殿中的光来自殿门外涌入的火光,从北面蔓延过来的火势已经烧到了广场边缘,火舌舔着汉白玉望柱的底座,将整座大殿的轮廓映成一片跳动的暖红色。
殿门大敞着,火光从门外涌进来,在地面上铺开一片不断晃动的暗金色光晕,将蟠龙金柱的影子在墙面上拉成长长的、扭动的暗色轮廓。
凤曦端坐在龙椅之上。
他穿着那身登基时穿的龙袍,明黄色的袍面在火光中泛着温润的光泽,金线绣的五爪龙纹随着火光的明灭时隐时现。
此刻穿在凤曦身上,那道宽出的肩线在火光的映照下,反而多了一层说不出的从容,像是一个不再在意衣袍是否合身的人,正穿着最后一件完整的衣物等待一件他早已知道会来的事情。
他面前的长案上放着三样东西。那柄乌木鞘的长剑横在案面上,剑身没有出鞘,剑鞘表面的灰尘已经在他走进大殿前被擦干净了,乌木的纹理在火光中泛着温润的暗色。
长剑旁边是一壶酒,白瓷的壶身,酒液已经凉了。
长案最左侧搁着一封信,信纸折了三折,边角压着一方青瓷镇纸,没有封口,像是写了一半之后便搁下了。
凤曦伸手端起了那只酒壶。
壶壁是凉的,入手时带着一层被夜风浸透了的寒意。

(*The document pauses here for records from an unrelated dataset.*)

lemma mult_mat_vec_minus_outer:
  fixes P :: "complex mat"
  assumes P: "P \<in> carrier_mat n n" and r: "r \<in> carrier_vec n" and x: "x \<in> carrier_vec n"
  shows "(P - c \<cdot>\<^sub>m outer r) *\<^sub>v x = P *\<^sub>v x - (c * (x \<bullet>c r)) \<cdot>\<^sub>v r"
proof (rule eq_vecI)
  fix i assume "i < dim_vec (P *\<^sub>v x - (c * (x \<bullet>c r)) \<cdot>\<^sub>v r)"
  hence i: "i < n" using r by auto
  have "((P - c \<cdot>\<^sub>m outer r) *\<^sub>v x) $ i = (\<Sum>j<n. (P $$ (i,j) - c * (r $ i * cnj (r $ j))) * x $ j)"
    using P r x i by (simp add: mult_mat_vec_index_sum outer_def del: index_mult_mat_vec)
  also have "\<dots> = (\<Sum>j<n. P $$ (i,j) * x $ j) - c * (\<Sum>j<n. x $ j * cnj (r $ j)) * r $ i"
    by (simp add: algebra_simps sum_subtractf sum_distrib_left sum_distrib_right)
  also have "\<dots> = (P *\<^sub>v x - (c * (x \<bullet>c r)) \<cdot>\<^sub>v r) $ i"
    using P x r i by (simp add: mult_mat_vec_index_sum cscalar_prod_sum del: index_mult_mat_vec)
  finally show "((P - c \<cdot>\<^sub>m outer r) *\<^sub>v x) $ i = (P *\<^sub>v x - (c * (x \<bullet>c r)) \<cdot>\<^sub>v r) $ i" .
qed (use P r in \<open>auto simp: outer_def\<close>)

lemma hermitian_minus_outer:
  fixes P :: "complex mat"
  assumes P: "P \<in> carrier_mat n n" "mat_adjoint P = P" and r: "r \<in> carrier_vec n"
  shows "mat_adjoint (P - complex_of_real c \<cdot>\<^sub>m outer r) = P - complex_of_real c \<cdot>\<^sub>m outer r"
proof (rule hermitianI[of _ n])
  fix i j assume "i < n" "j < n"
  then show "(P - complex_of_real c \<cdot>\<^sub>m outer r) $$ (i,j) = cnj ((P - complex_of_real c \<cdot>\<^sub>m outer r) $$ (j,i))"
    unfolding outer_def using P r hermitian_index[OF P, of i j] by simp
qed (use P r in \<open>auto simp: outer_def\<close>)

lemma is_orth_proj_minus_outer:
  assumes P: "is_orth_proj n P V" and r: "r \<in> V" "r \<noteq> 0\<^sub>v n"
  defines "P' \<equiv> P - complex_of_real (1 / vec_sq_norm r) \<cdot>\<^sub>m outer r"
  shows "is_orth_proj n P' {y \<in> V. y \<bullet>c r = 0}"
proof -
  note Pc = is_orth_projD[OF P]
  have rc: "r \<in> carrier_vec n" by (rule is_orth_proj_carrier[OF P r(1)])
  have Pr: "P *\<^sub>v r = r" by (rule is_orth_proj_fix[OF P r(1)])
  have P'c: "P' \<in> carrier_mat n n" unfolding P'_def outer_def using Pc rc by auto
  have herm: "mat_adjoint P' = P'" unfolding P'_def by (rule hermitian_minus_outer[OF Pc(1,3) rc])
  have P'x: "P' *\<^sub>v x = P *\<^sub>v x - (complex_of_real (1 / vec_sq_norm r) * (x \<bullet>c r)) \<cdot>\<^sub>v r"
    if "x \<in> carrier_vec n" for x
    unfolding P'_def by (rule mult_mat_vec_minus_outer[OF Pc(1) rc that])
  have P'r: "P' *\<^sub>v r = 0\<^sub>v n"
    using P'x[OF rc] Pr rc vec_sq_norm_pos[OF rc r(2)] by (auto simp: cscalar_prod_self)
  show ?thesis
  proof (rule is_orth_projI[OF P'c herm])
    fix x :: "complex vec" assume x: "x \<in> carrier_vec n"
    define a where "a = complex_of_real (1 / vec_sq_norm r) * (x \<bullet>c r)"
    have "P' *\<^sub>v x = P *\<^sub>v x - a \<cdot>\<^sub>v (P *\<^sub>v r)" using P'x[OF x] Pr unfolding a_def by simp
    also have "\<dots> = P *\<^sub>v (x - a \<cdot>\<^sub>v r)" using Pc x rc
      by (simp add: mult_minus_distrib_mat_vec mult_mat_vec)
    finally have "P' *\<^sub>v x \<in> V" using is_orth_proj_mult_vec_mem[OF P] x rc by simp
    moreover have "(P' *\<^sub>v x) \<bullet>c r = 0"
      using cscalar_prod_hermitian[OF P'c herm x rc] P'r x by simp
    ultimately show "P' *\<^sub>v x \<in> {y \<in> V. y \<bullet>c r = 0}" by simp
  next
    fix y assume y: "y \<in> {y \<in> V. y \<bullet>c r = 0}"
    then have yc: "y \<in> carrier_vec n" using is_orth_proj_carrier[OF P] by blast
    then show "y \<in> carrier_vec n \<and> P' *\<^sub>v y = y"
      using P'x[OF yc] y is_orth_proj_fix[OF P] rc by auto
  qed
qed

lemma orth_compl_insert: "orth_compl n (insert v S) = {y \<in> orth_compl n S. y \<bullet>c v = 0}"
  unfolding orth_compl_def by auto

lemma is_orth_proj_orth_compl_exists:
  "set vs \<subseteq> carrier_vec n \<Longrightarrow> \<exists>P. is_orth_proj n P (orth_compl n (set vs))"
proof (induction vs)
  case Nil
  have "orth_compl n {} = carrier_vec n" unfolding orth_compl_def by auto
  then show ?case using is_orth_proj_one by auto
next
  case (Cons v vs)
  define V where "V = orth_compl n (set vs)"
  obtain P where P: "is_orth_proj n P V" and v: "v \<in> carrier_vec n"
    using Cons unfolding V_def by auto
  define r where "r = P *\<^sub>v v"
  have r: "r \<in> V" unfolding r_def by (rule is_orth_proj_mult_vec_mem[OF P v])
  have "y \<bullet>c v = y \<bullet>c r" if "y \<in> V" for y
    using cscalar_prod_hermitian[OF is_orth_projD(1,3)[OF P] is_orth_proj_carrier[OF P that] v]
      is_orth_proj_fix[OF P that] unfolding r_def by simp
  then have V': "orth_compl n (set (v # vs)) = {y \<in> V. y \<bullet>c r = 0}"
    unfolding V_def by (auto simp: orth_compl_insert)
  show ?case
  proof (cases "r = 0\<^sub>v n")
    case True
    then have "orth_compl n (set (v # vs)) = V"
      unfolding V' using is_orth_proj_carrier[OF P] by auto
    then show ?thesis using P by auto
  next
    case False
    then show ?thesis unfolding V' using is_orth_proj_minus_outer[OF P r] by blast
  qed
qed

lemma is_orth_proj_orth_proj:
  assumes "finite S" "S \<subseteq> carrier_vec n"
  shows "is_orth_proj n (orth_proj n (orth_compl n S)) (orth_compl n S)"
proof -
  obtain vs where vs: "set vs = S" using finite_list[OF assms(1)] by auto
  obtain P where P: "is_orth_proj n P (orth_compl n S)"
    using is_orth_proj_orth_compl_exists[of vs n] vs assms by auto
  have "orth_proj n (orth_compl n S) = (THE P. is_orth_proj n P (orth_compl n S))"
    unfolding orth_proj_def is_orth_proj_def by simp
  then show ?thesis using theI[of "\<lambda>P. is_orth_proj n P (orth_compl n S)", OF P]
      is_orth_proj_unique[OF _ P] by metis
qed

section \<open>Cauchy--Schwarz and the smallest eigenvalue\<close>

lemma quadratic_nonneg_imp_discriminant_le:
  fixes a b c :: real
  assumes b: "b \<ge> 0" and nonneg: "\<And>t. 0 \<le> a + 2 * t * c + t\<^sup>2 * b"
  shows "c\<^sup>2 \<le> a * b"
proof (cases "b = 0")
  case True
  show ?thesis
  proof (cases "c = 0")
    case True
    then show ?thesis using nonneg[of 0] \<open>b = 0\<close> by simp
  next
    case False
    have "0 \<le> a + 2 * (- (a + 1) / (2 * c)) * c" using nonneg[of "- (a + 1) / (2 * c)"] \<open>b = 0\<close> by simp
    also have "\<dots> = -1" using False by (simp add: field_simps)
    finally show ?thesis by simp
  qed
next
  case False
  hence bp: "b > 0" using b by simp
  have "0 \<le> a + 2 * (- c / b) * c + (- c / b)\<^sup>2 * b" by (rule nonneg)
  also have "\<dots> = a - c\<^sup>2 / b" using bp by (simp add: field_simps power2_eq_square)
  finally show ?thesis using bp by (simp add: field_simps mult.commute)
qed

lemma cmod_sum_mult_sq_le:
  fixes a b :: "nat \<Rightarrow> complex"
  shows "(cmod (\<Sum>i\<in>I. a i * b i))\<^sup>2 \<le> (\<Sum>i\<in>I. (cmod (a i))\<^sup>2) * (\<Sum>i\<in>I. (cmod (b i))\<^sup>2)"
proof -
  have "cmod (\<Sum>i\<in>I. a i * b i) \<le> (\<Sum>i\<in>I. cmod (a i) * cmod (b i))"
    using norm_sum[of "\<lambda>i. a i * b i" I] by (simp add: norm_mult)
  hence "(cmod (\<Sum>i\<in>I. a i * b i))\<^sup>2 \<le> (\<Sum>i\<in>I. cmod (a i) * cmod (b i))\<^sup>2"
    by (rule power_mono) simp
  also have "\<dots> \<le> (\<Sum>i\<in>I. (cmod (a i))\<^sup>2) * (\<Sum>i\<in>I. (cmod (b i))\<^sup>2)"
    by (rule Cauchy_Schwarz_ineq_sum)
  finally show ?thesis .
qed

lemma cscalar_prod_Cauchy_Schwarz:
  "dim_vec v = dim_vec w \<Longrightarrow> (cmod (v \<bullet>c w))\<^sup>2 \<le> vec_sq_norm v * vec_sq_norm w"
  unfolding vec_sq_norm_def using cmod_sum_mult_sq_le[of "\<lambda>i. v $ i" "\<lambda>i. cnj (w $ i)" "{..<dim_vec w}"]
  by (simp add: cscalar_prod_sum)

definition frob_sq_norm :: "complex mat \<Rightarrow> real" where
  "frob_sq_norm A = (\<Sum>i<dim_row A. \<Sum>j<dim_col A. (cmod (A $$ (i,j)))\<^sup>2)"

lemma frob_sq_norm_nonneg: "frob_sq_norm A \<ge> 0"
  unfolding frob_sq_norm_def by (simp add: sum_nonneg)

lemma vec_sq_norm_mult_mat_vec_le:
  assumes "dim_vec x = dim_col A"
  shows "vec_sq_norm (A *\<^sub>v x) \<le> frob_sq_norm A * vec_sq_norm x"
proof -
  have "vec_sq_norm (A *\<^sub>v x) = (\<Sum>i<dim_row A. (cmod (\<Sum>j<dim_col A. A $$ (i,j) * x $ j))\<^sup>2)"
    unfolding vec_sq_norm_def using assms by (simp add: mult_mat_vec_index_sum del: index_mult_mat_vec)
  also have "\<dots> \<le> (\<Sum>i<dim_row A. (\<Sum>j<dim_col A. (cmod (A $$ (i,j)))\<^sup>2) * vec_sq_norm x)"
    using cmod_sum_mult_sq_le[of "\<lambda>j. A $$ (_, j)" "\<lambda>j. x $ j" "{..<dim_col A}"] assms
    unfolding vec_sq_norm_def by (intro sum_mono) simp
  also have "\<dots> = frob_sq_norm A * vec_sq_norm x"
    unfolding frob_sq_norm_def by (simp add: sum_distrib_right)
  finally show ?thesis .
qed

lemma Re_quad_le_frob_sq_norm:
  assumes "H \<in> carrier_mat n n" "z \<in> carrier_vec n"
  shows "Re (quad H z) \<le> sqrt (frob_sq_norm H) * vec_sq_norm z"
proof -
  have "(cmod (quad H z))\<^sup>2 \<le> vec_sq_norm (H *\<^sub>v z) * vec_sq_norm z"
    unfolding quad_def by (rule cscalar_prod_Cauchy_Schwarz) (use assms in simp)
  also have "\<dots> \<le> (frob_sq_norm H * vec_sq_norm z) * vec_sq_norm z"
    by (rule mult_right_mono[OF vec_sq_norm_mult_mat_vec_le vec_sq_norm_nonneg]) (use assms in simp)
  also have "\<dots> = (sqrt (frob_sq_norm H) * vec_sq_norm z)\<^sup>2"
    using frob_sq_norm_nonneg[of H] by (simp add: power2_eq_square power_mult_distrib)
  finally have "cmod (quad H z) \<le> sqrt (frob_sq_norm H) * vec_sq_norm z"
    by (rule power2_le_imp_le) (use vec_sq_norm_nonneg[of z] frob_sq_norm_nonneg[of H] in simp)
  then show ?thesis using complex_Re_le_cmod[of "quad H z"] by linarith
qed

lemma Re_quad_add_smult:
  fixes H :: "complex mat"
  assumes H: "H \<in> carrier_mat n n" "mat_adjoint H = H"
    and x: "x \<in> carrier_vec n" and y: "y \<in> carrier_vec n"
  shows "Re (quad H (x + complex_of_real t \<cdot>\<^sub>v y)) =
    Re (quad H x) + 2 * t * Re ((H *\<^sub>v x) \<bullet>c y) + t\<^sup>2 * Re (quad H y)"
proof -
  let ?t = "complex_of_real t"
  have "conjugate (x + ?t \<cdot>\<^sub>v y) = conjugate x + ?t \<cdot>\<^sub>v conjugate y"
    using x y by (simp add: conjugate_add_vec[of _ n] conjugate_smult_vec)
  then have "quad H (x + ?t \<cdot>\<^sub>v y) =
      quad H x + ?t * ((H *\<^sub>v y) \<bullet>c x) + ?t * ((H *\<^sub>v x) \<bullet>c y) + ?t\<^sup>2 * quad H y"
    using H(1) x y unfolding quad_def
    by (simp add: mult_add_distrib_mat_vec mult_mat_vec add_scalar_prod_distrib[of _ n]
        scalar_prod_add_distrib[of _ n] power2_eq_square algebra_simps)
  moreover have "(H *\<^sub>v y) \<bullet>c x = cnj ((H *\<^sub>v x) \<bullet>c y)"
    using cscalar_prod_hermitian[OF H y x] cscalar_prod_swap[of "H *\<^sub>v x" y] H x y by simp
  ultimately show ?thesis by (simp add: power2_eq_square)
qed

text \<open>Cauchy--Schwarz for the semi-inner product \<open>(x, y) \<mapsto> (H x) \<bullet>c y\<close>, applied to
  \<open>x\<close> and \<open>H x\<close>.\<close>

lemma hermitian_psd_sq_norm_mult_vec_le:
  fixes H :: "complex mat"
  assumes H: "H \<in> carrier_mat n n" "mat_adjoint H = H"
    and psd: "\<And>x. x \<in> carrier_vec n \<Longrightarrow> 0 \<le> Re (quad H x)"
    and x: "x \<in> carrier_vec n"
  shows "vec_sq_norm (H *\<^sub>v x) \<le> sqrt (frob_sq_norm H) * Re (quad H x)"
proof -
  let ?a = "Re (quad H x)" and ?c = "vec_sq_norm (H *\<^sub>v x)" and ?b = "Re (quad H (H *\<^sub>v x))"
  have Hx: "H *\<^sub>v x \<in> carrier_vec n" using H x by simp
  have "?c\<^sup>2 \<le> ?a * ?b"
  proof (rule quadratic_nonneg_imp_discriminant_le)
    show "0 \<le> ?b" by (rule psd[OF Hx])
    fix t
    have "0 \<le> Re (quad H (x + complex_of_real t \<cdot>\<^sub>v (H *\<^sub>v x)))" by (rule psd) (use x Hx in simp)
    then show "0 \<le> ?a + 2 * t * ?c + t\<^sup>2 * ?b"
      by (simp add: Re_quad_add_smult[OF H x Hx] cscalar_prod_self)
  qed
  also have "\<dots> \<le> ?a * (sqrt (frob_sq_norm H) * ?c)"
    by (rule mult_left_mono[OF Re_quad_le_frob_sq_norm[OF H(1) Hx] psd[OF x]])
  finally have "?c * ?c \<le> (?a * sqrt (frob_sq_norm H)) * ?c"
    by (simp add: power2_eq_square mult_ac)
  then show ?thesis
    using vec_sq_norm_nonneg[of "H *\<^sub>v x"] psd[OF x] frob_sq_norm_nonneg[of H]
    by (cases "?c = 0") (auto simp: mult.commute)
qed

他将酒液注入案上那只白瓷盏中,酒液在盏中回荡了一下稳住了,浅浅的一层,在火光中泛着琥珀色的光泽。
他端起来喝了一口,酒液从舌尖滑下去的时候凉而冽,带着一种陈年的、已经被封了很久的辛烈。
他斟了第二盏,端在手里,低头看着酒液在盏中微微晃动着。
他的手指很稳,酒液晃动的原因大约是殿门外的风从地面上穿过来,将长案上的灯焰吹得偏了一瞬,酒盏随之轻轻晃了一下。
他看着那层薄薄的酒液在盏壁上来回地荡过去又荡回来,最终在盏底中央收拢成一小片平静的圆面。
殿门外传来脚步声。先是零星的、远距离的,然后越来越密集、越来越近。铁甲靴踏在汉白玉台阶上的声响从殿外的广场上一直逼到殿门外的石阶下,又沿着台阶一级一级地向上延伸。
丹阳殿正殿的火光比方才更亮了。
殿门外广场上的火焰已经烧到了石阶边缘,火舌从石阶上方的砖缝间钻进来,沿着地面的金砖慢慢地往前爬。
整座大殿的光不再来自殿外的火把和城头的燃烧,殿外的光已经与殿内的暗影融成了一片连续不断的、摇动着的光层,像是有人正在从四面向大殿内部缓缓倾注滚烫的铜汁。
赵崇甲胄肩头的铁片上,沾着灰黑色的烟痕和暗红色的溅迹,是方才从广场北面穿过火区时沾染的。
他的面甲已经放下来了,遮住了大半张脸,只露出下颌和嘴唇的轮廓。
赵崇迈入了殿门。
他身后跟着一队甲士,约莫二十余人,全副披挂,刀盾在手。
他们跨过殿门门槛的时候,有人在门槛处迟疑了半拍。
殿门门槛内外的分界在火光中格外分明,像是有一条看不见的线从青砖地面上划过,将大殿内外的空间分割成了两个不同的世界。
那半拍的迟疑很短,然后他们还是跨了进来,靴底落在殿内的金砖地面上,在空旷的大殿中发出沉闷的回响。
赵崇在殿中央站住了。他站在距离龙椅大约二十步的位置,身后那队甲士在他身后三排列阵停步,刀尖朝下。
他抬起头来,目光穿过殿中被火光和阴影交错切割的空间,落在了龙椅上的凤曦身上。
两个人对视了大约三息。
火光在那三息中明灭了一次又恢复了平稳,将凤曦的面容在明暗之间切换了一瞬,明处是他的眉骨和鼻梁的轮廓,暗处是他的眼窝和嘴唇的弧度,在明暗交替的那个瞬间,他的面容像是一幅正在被人用极快的速度反复擦改的旧画。
赵崇在他那道目光中微微侧了一下脸,不是彻底的低头,只是将视线的焦点从凤曦的面容上移开了半寸,落在了龙椅扶手的鎏金龙头上。他的下颌线在那半寸的偏移中绷紧了一瞬又松开了。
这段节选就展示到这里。